Assignment => How many lines in the entries below include the string "also"? Answer with the number only.

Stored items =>
————————

(* Let $S$ be a finite set of points in the plane whose convex hull is the triangle $ABC$ with $A,B,C\in S$, and suppose $S$ contains at least one point other than $A,B,C$. Let $A_1$ be a point of $S\setminus\{A,B,C\}$ at maximum distance from the line $BC$ among the points of $S\setminus\{A,B,C\}$. Then the segment $AA_1$ is an edge of every triangulation of $S$.
   Context: A triangulation of a finite planar point set $S$ is a maximal set of straight line segments whose endpoints are in $S$, which contain no point of $S$ other than their endpoints, and any two of which meet at most in a common endpoint. *)

theory Defs
  imports "HOL-Analysis.Analysis"
begin

definition seg_of :: "(real^2) set \<Rightarrow> (real^2) set \<Rightarrow> bool" where
  "seg_of S s \<longleftrightarrow> (\<exists>p\<in>S. \<exists>q\<in>S. p \<noteq> q \<and> s = closed_segment p q \<and> s \<inter> S = {p, q})"

definition seg_family :: "(real^2) set \<Rightarrow> (real^2) set set \<Rightarrow> bool" where
  "seg_family S T \<longleftrightarrow>
     (\<forall>s\<in>T. seg_of S s) \<and>
     (\<forall>s\<in>T. \<forall>t\<in>T. s \<noteq> t \<longrightarrow>
        s \<inter> t = {} \<or> (\<exists>x. s \<inter> t = {x} \<and> x \<in> S))"

definition triangulation :: "(real^2) set \<Rightarrow> (real^2) set set \<Rightarrow> bool" where
  "triangulation S T \<longleftrightarrow> seg_family S T \<and>
     (\<forall>T'. T \<subseteq> T' \<and> seg_family S T' \<longrightarrow> T' = T)"

end

theory Submission
  imports Defs
begin

text \<open>On the triangle ABC the distance to the line BC is an affine function (the barycentric
  A-coordinate times the height of A). So A is its unique maximiser on S, and every point of the
  segment AA1 other than A1 lies strictly above all of S - {A}: no point of S lies inside AA1, and a
  segment between points of S - {A} can meet AA1 only in A1. A segment from A to another point of S
  meets AA1 only in A, since otherwise one of the two would contain the endpoint of the other.
  Hence AA1 is compatible with every triangulation, and maximality puts it there.\<close>

lemma infdist_homothety_le:
  fixes L :: "'a::real_normed_vector set"
  assumes "affine L" "y \<in> L" "t > 0"
  shows "infdist (y + t *\<^sub>R (x - y)) L \<le> t * infdist x L"
proof -
  have "infdist (y + t *\<^sub>R (x - y)) L / t \<le> dist x z" if "z \<in> L" for z
  proof -
    have "y + t *\<^sub>R (z - y) = (1 - t) *\<^sub>R y + t *\<^sub>R z"
      by (simp add: algebra_simps)
    then have "y + t *\<^sub>R (z - y) \<in> L"
      using mem_affine[OF assms(1,2) that] by simp
    then have "infdist (y + t *\<^sub>R (x - y)) L \<le> dist (y + t *\<^sub>R (x - y)) (y + t *\<^sub>R (z - y))"
      by (rule infdist_le)
    also have "\<dots> = t * dist x z"
      using assms(3) by (simp add: dist_norm flip: scaleR_diff_right)
    finally show ?thesis
      using assms(3) by (simp add: divide_simps mult.commute)
  qed
  moreover have "L \<noteq> {}"
    using assms(2) by blast
  ultimately have "infdist (y + t *\<^sub>R (x - y)) L / t \<le> infdist x L"
    by (simp add: infdist_notempty cINF_greatest)
  then show ?thesis
    using assms(3) by (simp add: divide_simps mult.commute)
qed

lemma infdist_homothety:
  fixes L :: "'a::real_normed_vector set"
  assumes "affine L" "y \<in> L" "t \<ge> 0"
  shows "infdist (y + t *\<^sub>R (x - y)) L = t * infdist x L"
proof (cases "t = 0")
  case True
  then show ?thesis
    using assms(2) by simp
next
  case False
  with assms(3) have t: "t > 0" by simp
  define x' where "x' = y + t *\<^sub>R (x - y)"
  have "x = y + (1 / t) *\<^sub>R (x' - y)"
    using t by (simp add: x'_def)
  then have "infdist x L \<le> (1 / t) * infdist x' L"
    using infdist_homothety_le[OF assms(1,2), of "1 / t" x'] t by simp
  moreover have "infdist x' L \<le> t * infdist x L"
    unfolding x'_def by (rule infdist_homothety_le[OF assms(1,2) t])
  ultimately show ?thesis
    using t unfolding x'_def by (simp add: field_simps)
qed

lemma infdist_line_convex_combination:
  fixes A B C :: "'a::real_normed_vector"
  assumes "0 \<le> u" "0 \<le> v" "0 \<le> w" "u + v + w = 1"
  shows "infdist (u *\<^sub>R A + v *\<^sub>R B + w *\<^sub>R C) (affine hull {B, C})
    = u * infdist A (affine hull {B, C})"
proof (cases "v + w = 0")
  case True
  with assms have "u = 1" "v = 0" "w = 0" by auto
  then show ?thesis by simp
next
  case False
  with assms have vw: "v + w > 0" by simp
  define y where "y = (v / (v + w)) *\<^sub>R B + (w / (v + w)) *\<^sub>R C"
  have "y \<in> affine hull {B, C}"
    unfolding y_def
    by (rule mem_affine) (use vw in \<open>auto simp: hull_inc add_divide_distrib[symmetric]\<close>)
  moreover have "u *\<^sub>R A + v *\<^sub>R B + w *\<^sub>R C = y + u *\<^sub>R (A - y)"
  proof -
    have "y + u *\<^sub>R (A - y) = u *\<^sub>R A + (1 - u) *\<^sub>R y"
      by (simp add: algebra_simps)
    also have "1 - u = v + w"
      using assms(4) by simp
    also have "(v + w) *\<^sub>R y = v *\<^sub>R B + w *\<^sub>R C"
      using vw by (simp add: y_def scaleR_add_right)
    finally show ?thesis by (simp add: add.assoc)
  qed
  ultimately show ?thesis
    using infdist_homothety[OF affine_affine_hull _ assms(1)] by simp
qed

lemma infdist_line_affine_on_triangle:
  fixes A B C :: "'a::real_normed_vector"
  assumes "p \<in> convex hull {A, B, C}" "q \<in> convex hull {A, B, C}" "0 \<le> t" "t \<le> 1"
  shows "infdist ((1 - t) *\<^sub>R p + t *\<^sub>R q) (affine hull {B, C})
    = (1 - t) * infdist p (affine hull {B, C}) + t * infdist q (affine hull {B, C})"
proof -
  obtain u1 v1 w1 where p: "p = u1 *\<^sub>R A + v1 *\<^sub>R B + w1 *\<^sub>R C"
    "0 \<le> u1" "0 \<le> v1" "0 \<le> w1" "u1 + v1 + w1 = 1"
    using assms(1) unfolding convex_hull_3 by blast
  obtain u2 v2 w2 where q: "q = u2 *\<^sub>R A + v2 *\<^sub>R B + w2 *\<^sub>R C"
    "0 \<le> u2" "0 \<le> v2" "0 \<le> w2" "u2 + v2 + w2 = 1"
    using assms(2) unfolding convex_hull_3 by blast
  have "(1 - t) *\<^sub>R p + t *\<^sub>R q
      = ((1 - t) * u1 + t * u2) *\<^sub>R A + ((1 - t) * v1 + t * v2) *\<^sub>R B
        + ((1 - t) * w1 + t * w2) *\<^sub>R C"
    unfolding p q by (simp add: algebra_simps)
  moreover have "((1 - t) * u1 + t * u2) + ((1 - t) * v1 + t * v2) + ((1 - t) * w1 + t * w2)
      = (1 - t) * (u1 + v1 + w1) + t * (u2 + v2 + w2)"
    by (simp add: algebra_simps)
  ultimately have "infdist ((1 - t) *\<^sub>R p + t *\<^sub>R q) (affine hull {B, C})
      = ((1 - t) * u1 + t * u2) * infdist A (affine hull {B, C})"
    using p q assms(3,4) by (simp add: infdist_line_convex_combination)
  moreover have "infdist p (affine hull {B, C}) = u1 * infdist A (affine hull {B, C})"
    using p by (simp add: infdist_line_convex_combination)
  moreover have "infdist q (affine hull {B, C}) = u2 * infdist A (affine hull {B, C})"
    using q by (simp add: infdist_line_convex_combination)
  ultimately show ?thesis
    by (simp add: algebra_simps)
qed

————————

Task answer => 3